The results here are that... someone has filed down their Python program in a way that makes it smaller. Not even in number of bytes, just in number of lines. In a really uninteresting way. It's not even like the Python examples on StackExchange's codegolf in that sense, because we could go the complete opposite route and merge most of these statements together with semicolons. It doesn't become more interesting as it gets smaller, or less interesting as it gets bigger. It's the same program regardless of how many lines it occupies, which makes it that much less interesting.
So, yes, to some extent we agree, you can just run this through automated tools and it will be as many or as few lines as you like. I see that as pointless because other restrictions would be much more stimulating, and not restricting yourself so heavily would probably lead to better (or at least more legible) results.
But sure, that'll just be this fuddy duddy's opinion.
> The results here are that... someone has filed down their Python program in a way that makes it smaller. Not even in number of bytes, just in number of lines. In a really uninteresting way.
Egads. No, it isn't the focus of the repo. You keep on missing the forest for the trees.
Tinygrad expresses its ideas succiently and clearly. It is not an exercise in code golfing. Close to the end of feature completeness they noticed it is hovering a round number and spent a minor effort pushing it down slightly for street cred.

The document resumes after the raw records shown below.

lemma ft_add: assumes "ft h W V" "ft h' W V" shows "ft (madd C h h') W V"
proof -
  obtain P1 a1 b1 where P1: "P1 \<in> T" "a1 \<in> hom C W P1" "b1 \<in> hom C P1 V" "h = cmp C b1 a1"
    using assms(1) by (rule factors_throughE)
  obtain P2 a2 b2 where P2: "P2 \<in> T" "a2 \<in> hom C W P2" "b2 \<in> hom C P2 V" "h' = cmp C b2 a2"
    using assms(2) by (rule factors_throughE)
  obtain S i1 i2 p1 p2 where S: "is_biproduct C P1 P2 S i1 i2 p1 p2"
    using biproduct_exists subcat_ob P1(1) P2(1) by metis
  have s: "i1 \<in> hom C P1 S" "i2 \<in> hom C P2 S" "p1 \<in> hom C S P1" "p2 \<in> hom C S P2"
    using S unfolding is_biproduct_def by auto
  define x where "x = madd C (cmp C i1 a1) (cmp C i2 a2)"
  define y where "y = madd C (cmp C b1 p1) (cmp C b2 p2)"
  have x: "x \<in> hom C W S" unfolding x_def using s P1 P2 by blast
  have y: "y \<in> hom C S V" unfolding y_def using s P1 P2 by blast
  have "cmp C y x = madd C (cmp C b1 (cmp C p1 x)) (cmp C b2 (cmp C p2 x))"
    unfolding y_def using comp_distrib_right[OF x comp_hom[OF s(3) P1(3)] comp_hom[OF s(4) P2(3)]]
      comp_assoc[OF x s(3) P1(3)] comp_assoc[OF x s(4) P2(3)] by simp
  also have "\<dots> = madd C h h'"
    using biproduct_proj[OF S P1(2) P2(2)] P1(4) P2(4) unfolding x_def by simp
  finally show ?thesis using factors_throughI[OF subcat_biproduct[OF P1(1) P2(1) S] x y] by simp
qed

lemma ft_diff: "ft h W V \<Longrightarrow> ft h' W V \<Longrightarrow> ft (msub C h h') W V"
  unfolding msub_def using ft_add ft_neg by blast

lemma precover_lift:
  assumes "precover C T p P Y" "W \<in> T" "h \<in> hom C W Y"
  obtains c where "c \<in> hom C W P" "cmp C p c = h"
  using assms unfolding precover_def by blast

lemma ft_precover_lift:
  assumes "ft h W Y" and pc: "precover C T p P Y"
  obtains c where "c \<in> hom C W P" "h = cmp C p c"
proof -
  obtain Q x y where Q: "Q \<in> T" "x \<in> hom C W Q" "y \<in> hom C Q Y" "h = cmp C y x"
    using assms(1) by (rule factors_throughE)
  obtain v where v: "v \<in> hom C Q P" "cmp C p v = y" using precover_lift[OF pc Q(1,3)] .
  have "p \<in> hom C P Y" using pc unfolding precover_def by blast
  then have "h = cmp C p (cmp C v x)" using Q(4) v(2) comp_assoc[OF Q(2) v(1)] by simp
  then show ?thesis using that comp_hom[OF Q(2) v(1)] by blast
qed

lemma retraction_biproduct:
  assumes a: "a \<in> hom C P Q" and b: "b \<in> hom C Q P" and ba: "cmp C b a = ident C P"
  obtains K k r where "is_biproduct C P K Q a k b r"
proof -
  have ob: "P \<in> ob C" "Q \<in> ob C" using a hom_obD by blast+
  obtain K k where K: "is_kernel C b Q P K k" using kernel_exists[OF b] .
  note k = kernelD[OF K]
  have obK: "K \<in> ob C" using k(1) hom_obD by blast
  have ab: "cmp C a b \<in> hom C Q Q" using a b by blast
  define e where "e = msub C (ident C Q) (cmp C a b)"
  have e: "e \<in> hom C Q Q" unfolding e_def using ab ob by blast
  have "cmp C b e = msub C b (cmp C (cmp C b a) b)"
    unfolding e_def using comp_diff_right[OF ident_hom[OF ob(2)] ab b] comp_assoc[OF b a b] b by simp
  also have "\<dots> = mzero C Q P" using ba b diff_self by simp
  finally obtain r where r: "r \<in> hom C Q K" "cmp C k r = e" using kernel_lift[OF K e] by blast
  have "cmp C k (cmp C r k) = cmp C e k" using comp_assoc[OF k(1) r(1) k(1)] r(2) by simp
  also have "\<dots> = msub C k (cmp C a (cmp C b k))"
    unfolding e_def using comp_diff_left[OF k(1) ident_hom[OF ob(2)] ab] comp_assoc[OF k(1) b a] k(1)
    by simp
  also have "\<dots> = cmp C k (ident C K)"
    using k comp_zero_right[OF a obK] diff_zero by simp
  finally have rk: "cmp C r k = ident C K"
    using kernel_cancel[OF K] comp_hom[OF k(1) r(1)] ident_hom[OF obK] by blast
  have "cmp C k (cmp C r a) = cmp C e a" using comp_assoc[OF a r(1) k(1)] r(2) by simp
  also have "\<dots> = msub C a (cmp C a (cmp C b a))"
    unfolding e_def using comp_diff_left[OF a ident_hom[OF ob(2)] ab] comp_assoc[OF a b a] a by simp
  also have "\<dots> = cmp C k (mzero C P K)"
    using ba a diff_self comp_zero_right[OF k(1) ob(1)] by simp
  finally have ra: "cmp C r a = mzero C P K"
    using kernel_cancel[OF K] comp_hom[OF a r(1)] zero_hom[OF ob(1) obK] by blast
  have "madd C (cmp C a b) (cmp C k r) = ident C Q"
    using r(2) diff_add_cancel[OF ident_hom[OF ob(2)] ab] add_commute[OF ab e] unfolding e_def
    by simp
  then have "is_biproduct C P K Q a k b r"
    unfolding is_biproduct_def using a b k r ba rk ra by simp
  then show ?thesis using that by blast
qed

lemma subcat_if_ident_ft:
  assumes "ft (ident C P) P P" shows "P \<in> T"
proof -
  obtain Q a b where Q: "Q \<in> T" "a \<in> hom C P Q" "b \<in> hom C Q P" "ident C P = cmp C b a"
    using assms by (rule factors_throughE)
  obtain K k r where "is_biproduct C P K Q a k b r"
    using retraction_biproduct[OF Q(2,3) Q(4)[symmetric]] .
  then show ?thesis using subcat_summand[OF Q(1)] by blast
qed

lemma st_eq_ft: "st_eq C T X Y f g \<Longrightarrow> ft (msub C f g) X Y"
  unfolding st_eq_def by blast

lemma st_eq_refl: assumes "f \<in> hom C X Y" shows "st_eq C T X Y f f"
  unfolding st_eq_def using assms diff_self[OF assms] ft_zero[OF hom_obD[OF assms]] by simp

lemma st_eq_sym: assumes "st_eq C T X Y f g" shows "st_eq C T X Y g f"
proof -
  have h: "f \<in> hom C X Y" "g \<in> hom C X Y" "ft (msub C f g) X Y"
    using assms unfolding st_eq_def by auto
  show ?thesis unfolding st_eq_def using h ft_neg[OF h(3)] neg_diff[OF h(1,2)] by simp
qed

lemma st_eq_trans: assumes "st_eq C T X Y f g" "st_eq C T X Y g h" shows "st_eq C T X Y f h"
proof -
  have a: "f \<in> hom C X Y" "g \<in> hom C X Y" "h \<in> hom C X Y" "ft (msub C f g) X Y"
    "ft (msub C g h) X Y"
    using assms unfolding st_eq_def by auto
  show ?thesis unfolding st_eq_def using a ft_add[OF a(4,5)] diff_add_diff[OF a(1,2,3)] by simp
qed

lemma st_eq_comp_left:
  assumes "st_eq C T X Y f g" "a \<in> hom C Y Y'" shows "st_eq C T X Y' (cmp C a f) (cmp C a g)"
proof -
  have h: "f \<in> hom C X Y" "g \<in> hom C X Y" "ft (msub C f g) X Y"
    using assms unfolding st_eq_def by auto
  show ?thesis unfolding st_eq_def
    using h assms(2) ft_comp_left[OF h(3) assms(2)] comp_diff_right[OF h(1,2) assms(2)] by auto
qed

lemma st_eq_comp_right:
  assumes "st_eq C T X Y f g" "a \<in> hom C X' X" shows "st_eq C T X' Y (cmp C f a) (cmp C g a)"
proof -
  have h: "f \<in> hom C X Y" "g \<in> hom C X Y" "ft (msub C f g) X Y"
    using assms unfolding st_eq_def by auto
  show ?thesis unfolding st_eq_def
    using h assms(2) ft_comp_right[OF h(3) assms(2)] comp_diff_left[OF assms(2) h(1,2)] by auto
qed

lemma st_eq_from_subcat: "X \<in> T \<Longrightarrow> f \<in> hom C X Y \<Longrightarrow> g \<in> hom C X Y \<Longrightarrow> st_eq C T X Y f g"
  unfolding st_eq_def using ft_from_subcat by blast

lemma st_eq_to_subcat: "Y \<in> T \<Longrightarrow> f \<in> hom C X Y \<Longrightarrow> g \<in> hom C X Y \<Longrightarrow> st_eq C T X Y f g"
  unfolding st_eq_def using ft_to_subcat by blast

lemma st_iso_ident:
  assumes "X \<in> ob C" shows "st_iso C T X X (ident C X)"
proof -
  have i: "ident C X \<in> hom C X X" using assms by blast
  then have "st_eq C T X X (cmp C (ident C X) (ident C X)) (ident C X)"
    using st_eq_refl[OF i] by simp
  then show ?thesis unfolding st_iso_def using i by blast
qed

lemma subcat_if_st_iso_zero_obj:
  assumes Z: "is_zero_obj C Z" and iso: "st_iso C T Z B \<phi>" shows "B \<in> T"
proof -
  obtain \<psi> where \<phi>: "\<phi> \<in> hom C Z B" and \<psi>: "\<psi> \<in> hom C B Z"
    and eq: "st_eq C T B B (cmp C \<phi> \<psi>) (ident C B)"
    using iso unfolding st_iso_def by blast
  have "ft (msub C (cmp C \<phi> \<psi>) (msub C (cmp C \<phi> \<psi>) (ident C B))) B B"
    using ft_diff[OF ft_via_zero_obj[OF Z \<psi> \<phi>] st_eq_ft[OF eq]] .
  then have "ft (ident C B) B B"
    using diff_diff_cancel[OF comp_hom[OF \<psi> \<phi>] ident_hom[OF hom_obD(1)[OF \<psi>]]] by simp
  then show ?thesis by (rule subcat_if_ident_ft)
qed

section \<open>Pullbacks along precovers\<close>

lemma ft_if_st_eq: assumes "st_eq C T X Y f g" "ft f X Y" shows "ft g X Y"
proof -
  have "f \<in> hom C X Y" "g \<in> hom C X Y" using assms(1) unfolding st_eq_def by auto
  then show ?thesis using ft_diff[OF assms(2) st_eq_ft[OF assms(1)]] diff_diff_cancel by metis
qed

lemma st_eq_inverse_square:
  assumes \<phi>: "\<phi> \<in> hom C X X'" "\<phi>' \<in> hom C X' X" "st_eq C T X' X' (cmp C \<phi> \<phi>') (ident C X')"
    and \<psi>: "\<psi> \<in> hom C Y Y'" "\<psi>' \<in> hom C Y' Y" "st_eq C T Y Y (cmp C \<psi>' \<psi>) (ident C Y)"
    and f: "f \<in> hom C X Y" "f' \<in> hom C X' Y'"
    and sq: "st_eq C T X Y' (cmp C \<psi> f) (cmp C f' \<phi>)"
  shows "st_eq C T X' Y (cmp C f \<phi>') (cmp C \<psi>' f')"
proof -
  have f\<phi>': "cmp C f \<phi>' \<in> hom C X' Y" using f \<phi> by blast
  have "st_eq C T X' Y (cmp C (ident C Y) (cmp C f \<phi>')) (cmp C (cmp C \<psi>' \<psi>) (cmp C f \<phi>'))"
    using st_eq_comp_right[OF st_eq_sym[OF \<psi>(3)] f\<phi>'] by simp
  moreover have "cmp C (cmp C \<psi>' \<psi>) (cmp C f \<phi>') = cmp C \<psi>' (cmp C (cmp C \<psi> f) \<phi>')"
    using comp_assoc[OF f\<phi>' \<psi>(1,2)] comp_assoc[OF \<phi>(2) f(1) \<psi>(1)] by simp
  moreover have "st_eq C T X' Y (cmp C \<psi>' (cmp C (cmp C \<psi> f) \<phi>')) (cmp C \<psi>' (cmp C (cmp C f' \<phi>) \<phi>'))"
    using st_eq_comp_left[OF st_eq_comp_right[OF sq \<phi>(2)] \<psi>(2)] .
  moreover have "cmp C \<psi>' (cmp C (cmp C f' \<phi>) \<phi>') = cmp C (cmp C \<psi>' f') (cmp C \<phi> \<phi>')"
    using comp_assoc[OF \<phi>(2,1) f(2)] comp_assoc[OF comp_hom[OF \<phi>(2,1)] f(2) \<psi>(2)] by simp
  moreover have "st_eq C T X' Y (cmp C (cmp C \<psi>' f') (cmp C \<phi> \<phi>')) (cmp C \<psi>' f')"
    using st_eq_comp_left[OF \<phi>(3) comp_hom[OF f(2) \<psi>(2)]] comp_hom[OF f(2) \<psi>(2)] by simp
  ultimately show ?thesis using f\<phi>' st_eq_trans by (metis comp_ident_left)
qed

lemma kernel_pullback_map:
  assumes PB: "is_pullback C f X Y p TY P g q"
  obtains Om k u where "is_kernel C p TY Y Om k"
    and "u \<in> hom C Om P" "cmp C g u = mzero C Om X" "cmp C q u = k"
proof -
  note h = pullbackD[OF PB]
  obtain Om k where K: "is_kernel C p TY Y Om k" using kernel_exists[OF h(2)] .
  note k = kernelD[OF K]
  have Om: "Om \<in> ob C" using k(1) hom_obD by blast
  have "cmp C f (mzero C Om X) = cmp C p k"
    using k(3) comp_zero_right[OF h(1) Om] by simp
  then obtain u where "u \<in> hom C Om P" "cmp C g u = mzero C Om X" "cmp C q u = k"
    using pullback_lift[OF PB zero_hom[OF Om hom_obD(1)[OF h(1)]] k(1)] by blast
  then show ?thesis using that K by blast
qed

Those changes did not impair readability or harm the project in any way. They did not go over board. You say they did, I reckon, just because you are allergic to any such changes - that is your personal subjective opinion. A waste of time you say! Bah humbug!
Well, yeah, so? Heh.
I say run it through black and make it objective, it is a great tool. It will reveal just how minor the difference is in this specific case.
I keep trying to focus on the substance. Did you actually read this project? Not through the eyes of a human linter? Was it difficult to follow? What are we arguing about if not the absolutely least interesting aspect of it really?
Dev dependencies and release dependencies are distinct. There would be no sense in complaining about hypocrisy if a zero-dependency C project uses clang-format or valgrind, and similarly for a python project using black or mypy.
I think it's a bit unnecessary. A small set of operations should be enough to make it easy to port to new accelerators, and there's lots of nice to haves in many programs that don't affect compatibility.
If you don't plan on ever doing anything but the core it does seem pretty reasonable though.
How about we show simple admiration and appreciation?
We could learn way more if we try to understand the actions rather than criticize.
He's a nerd. If we are here we are nerd too.
Keep up the nerd sht geohot!
I especially like that he outlines an actual plan for an AI chip startup that he thinks will work, and has an update explaining why he was subsequently convinced that it wouldn't work.